To reach a broader audience, they opened the Kitchen Next Door in Boulder in 2011, distilling the Kitchen’s ethos into a more affordable model that verged on fast-casual. “We think that everyone would choose farm-to-table if they had the means and the time,” Musk told Westword in advance of that opening. “We want [Next Door] to give the community an inexpensive farm-to-table option that someone could get even if they only had ten minutes for lunch.”

But they also began expanding their territory. In 2012, the Kitchen opened its first legacy bistro outside of Boulder, moving into a sprawling space a block from Union Station and bolstering staples from the Boulder menu with a raw bar and more shareable platters. In Denver, the partners got their first taste of building a community outside of their home town, something they thought was essential to their success and mission. “Building a relationship with a restaurant is what’s important,” Matheson said at the time. “We want to build a relationship with the Denver community and provide something that they enjoy.” He went on to compare the Kitchen with the village pubs that are the center of socializing in England.

Those restaurants laid the groundwork for national expansion: The Kitchen now operates legacy bistros in Fort Collins, Memphis and Chicago as well as Boulder and Denver, plus a handful of Next Doors and a pair of Hedge Rows — one in Denver and one in Indianapolis — that are similar to the original bistro but focus on fare from a wood-fired oven. The community-garden efforts have evolved into a full-fledged foundation, now called Big Green, which operates learning gardens in every community where the Kitchen currently operates, plus Pittsburgh, Detroit and Los Angeles. The partners see Big Green relationship-building as a vital step in connecting with communities where they may eventually open restaurants, and a foundation project is usually the first step in expansion.

As their empire has grown, the partners have had to streamline menus and sourcing, a challenge they say helps them create maximum impact. “It’s understanding how to work on a scale with values that has been the biggest challenge,” says Matheson. While they’ve continued building relationships with small farmers in each market, the chef says they’re now focusing on fewer, deeper relationships rather than bringing in scattershot ingredients from several farms.

The Kitchen’s most recent foray was into Indi

anapolis, where opening a Hedge Row was especially rewarding, Matheson says. But then the partners turned their attention back to the original Boulder space, which was due for a refresh after nearly fifteen years. Some of that was cosmetic: The back of the house received new equipment and the dining room got new furniture, plus high-top community seating around the bar. The partners also installed Lewin’s orb light fixtures, which are featured in all of the group’s other restaurants.

The most significant change, though, is the menu. “With the refresh, we wanted to match the way Hugo and I love to eat, which is more communal,” says Musk. “We designed this new menu very carefully. It’s really designed for this communal eating.

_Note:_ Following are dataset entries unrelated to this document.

lemma standard_keys_lin_form_012_power_mult:
  assumes "3 \<le> d"
    and \<mu>: "\<mu> \<in> keys (lin_form_012 ^ (2 * d - 1) * power_sum_012 c ((d - 1) div 2 - 1) :: 'k::comm_ring_1 poly5)"
    and "\<not> monomial_in_ideal d \<mu>"
  shows "\<mu> = single 0 ((d - 1) div 2) + single 1 (d - 1) + single 2 (d - 1)
       \<or> \<mu> = single 0 (d - 1) + single 1 ((d - 1) div 2) + single 2 (d - 1)"
proof (rule standard_monomial_012_cases)
  let ?p = "lin_form_012 ^ (2 * d - 1) * power_sum_012 c ((d - 1) div 2 - 1) :: 'k poly5"
  have "homogeneous_in {3, 4} ?p ((2 * d - 1) * 0 + 0)"
    by (intro homogeneous_in_mult homogeneous_in_power homogeneous_in_34_lin_form_012
        homogeneous_in_34_power_sum_012)
  then show "lookup \<mu> 3 = 0" "lookup \<mu> 4 = 0"
    using \<mu> distinct_5 by (auto simp: homogeneous_in_def partial_deg_pair)
  have "homogeneous_in UNIV ?p ((2 * d - 1) * 1 + ((d - 1) div 2 - 1))"
    by (intro homogeneous_in_mult homogeneous_in_power homogeneous_lin_form_012
        homogeneous_power_sum_012)
  then show "mdeg \<mu> = 2 * (d - 1) + (d - 1) div 2"
    using \<mu> assms(1) by (auto simp: homogeneous_in_def mdeg_eq_partial_deg)
qed (use assms in simp_all)

lemma exists_power_sum_012_in_ideal:
  assumes "3 \<le> d"
  obtains c :: "5 \<Rightarrow> 'k::field" where "\<exists>i\<in>{0, 1, 2}. c i \<noteq> 0"
    and "lin_form_012 ^ (2 * d - 1) * power_sum_012 c ((d - 1) div 2 - 1) \<in> the_ideal d"
proof -
  define h where "h = (d - 1) div 2 - 1"
  define s where "s = (lin_form_012 :: 'k poly5) ^ (2 * d - 1)"
  define \<beta>1 :: "5 \<Rightarrow>\<^sub>0 nat" where "\<beta>1 = single 0 ((d - 1) div 2) + single 1 (d - 1) + single 2 (d - 1)"
  define \<beta>2 :: "5 \<Rightarrow>\<^sub>0 nat" where "\<beta>2 = single 0 (d - 1) + single 1 ((d - 1) div 2) + single 2 (d - 1)"
  define r where "r \<beta> i = lookup (s * single (single i h) 1) \<beta>" for \<beta> i
  obtain x0 x1 x2 where nontrivial: "x0 \<noteq> 0 \<or> x1 \<noteq> 0 \<or> x2 \<noteq> 0"
    and eq1: "r \<beta>1 0 * x0 + r \<beta>1 1 * x1 + r \<beta>1 2 * x2 = 0"
    and eq2: "r \<beta>2 0 * x0 + r \<beta>2 1 * x1 + r \<beta>2 2 * x2 = 0"
    by (rule homogeneous_2x3_nontrivial_solution)
  define c :: "5 \<Rightarrow> 'k" where "c i = (if i = 0 then x0 else if i = 1 then x1 else x2)" for i
  have c: "c 0 = x0" "c 1 = x1" "c 2 = x2"
    using distinct_5 by (auto simp: c_def)
  have coeff: "lookup (s * power_sum_012 c h) \<beta> = r \<beta> 0 * x0 + r \<beta> 1 * x1 + r \<beta> 2 * x2" for \<beta>
    by (simp only: lookup_mult_power_sum_012 r_def c)
  have "monomial_in_ideal d \<mu>" if \<mu>: "\<mu> \<in> keys (s * power_sum_012 c h)" for \<mu>
  proof (rule ccontr)
    assume "\<not> monomial_in_ideal d \<mu>"
    then have "\<mu> = \<beta>1 \<or> \<mu> = \<beta>2"
      using standard_keys_lin_form_012_power_mult[OF assms] \<mu> unfolding s_def h_def \<beta>1_def \<beta>2_def by blast
    then have "lookup (s * power_sum_012 c h) \<mu> = 0"
      using coeff eq1 eq2 by auto
    with \<mu> show False by (simp add: in_keys_iff)
  qed
  then show ?thesis
    using that[of c] nontrivial c unfolding in_the_ideal_iff s_def h_def by auto
qed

Whether you order chicken, broccoli or hummus, it goes in the center of the table.” The new list is heavy on large entrees, and there are more vegetable dishes and broader global flavors, including roasted turnips with miso butter and piri piri chicken, which comes from Musk’s home country, South Africa. But the staples — tomato soup, garlic fries, Bolognese and, yes, sticky toffee pudding — remain.

The nuts and bolts of the food overhaul fell to Meg Grace Larcom, who came on two years ago to open the first Hedge Row. “As for sourcing, we’re focused on sustainability more than ever,” she says. “We have more locations now, so if we get organized, we can make a big impact.” And if all goes well with the Boulder menu, it will lay the foundation for menu changes at all the Kitchen bistros.

“This is our special place; it was our first love,” says Musk. “For us to come back and give it some love, we’re really excited.”

“We look forward to the next fifteen years,” concludes Matheson.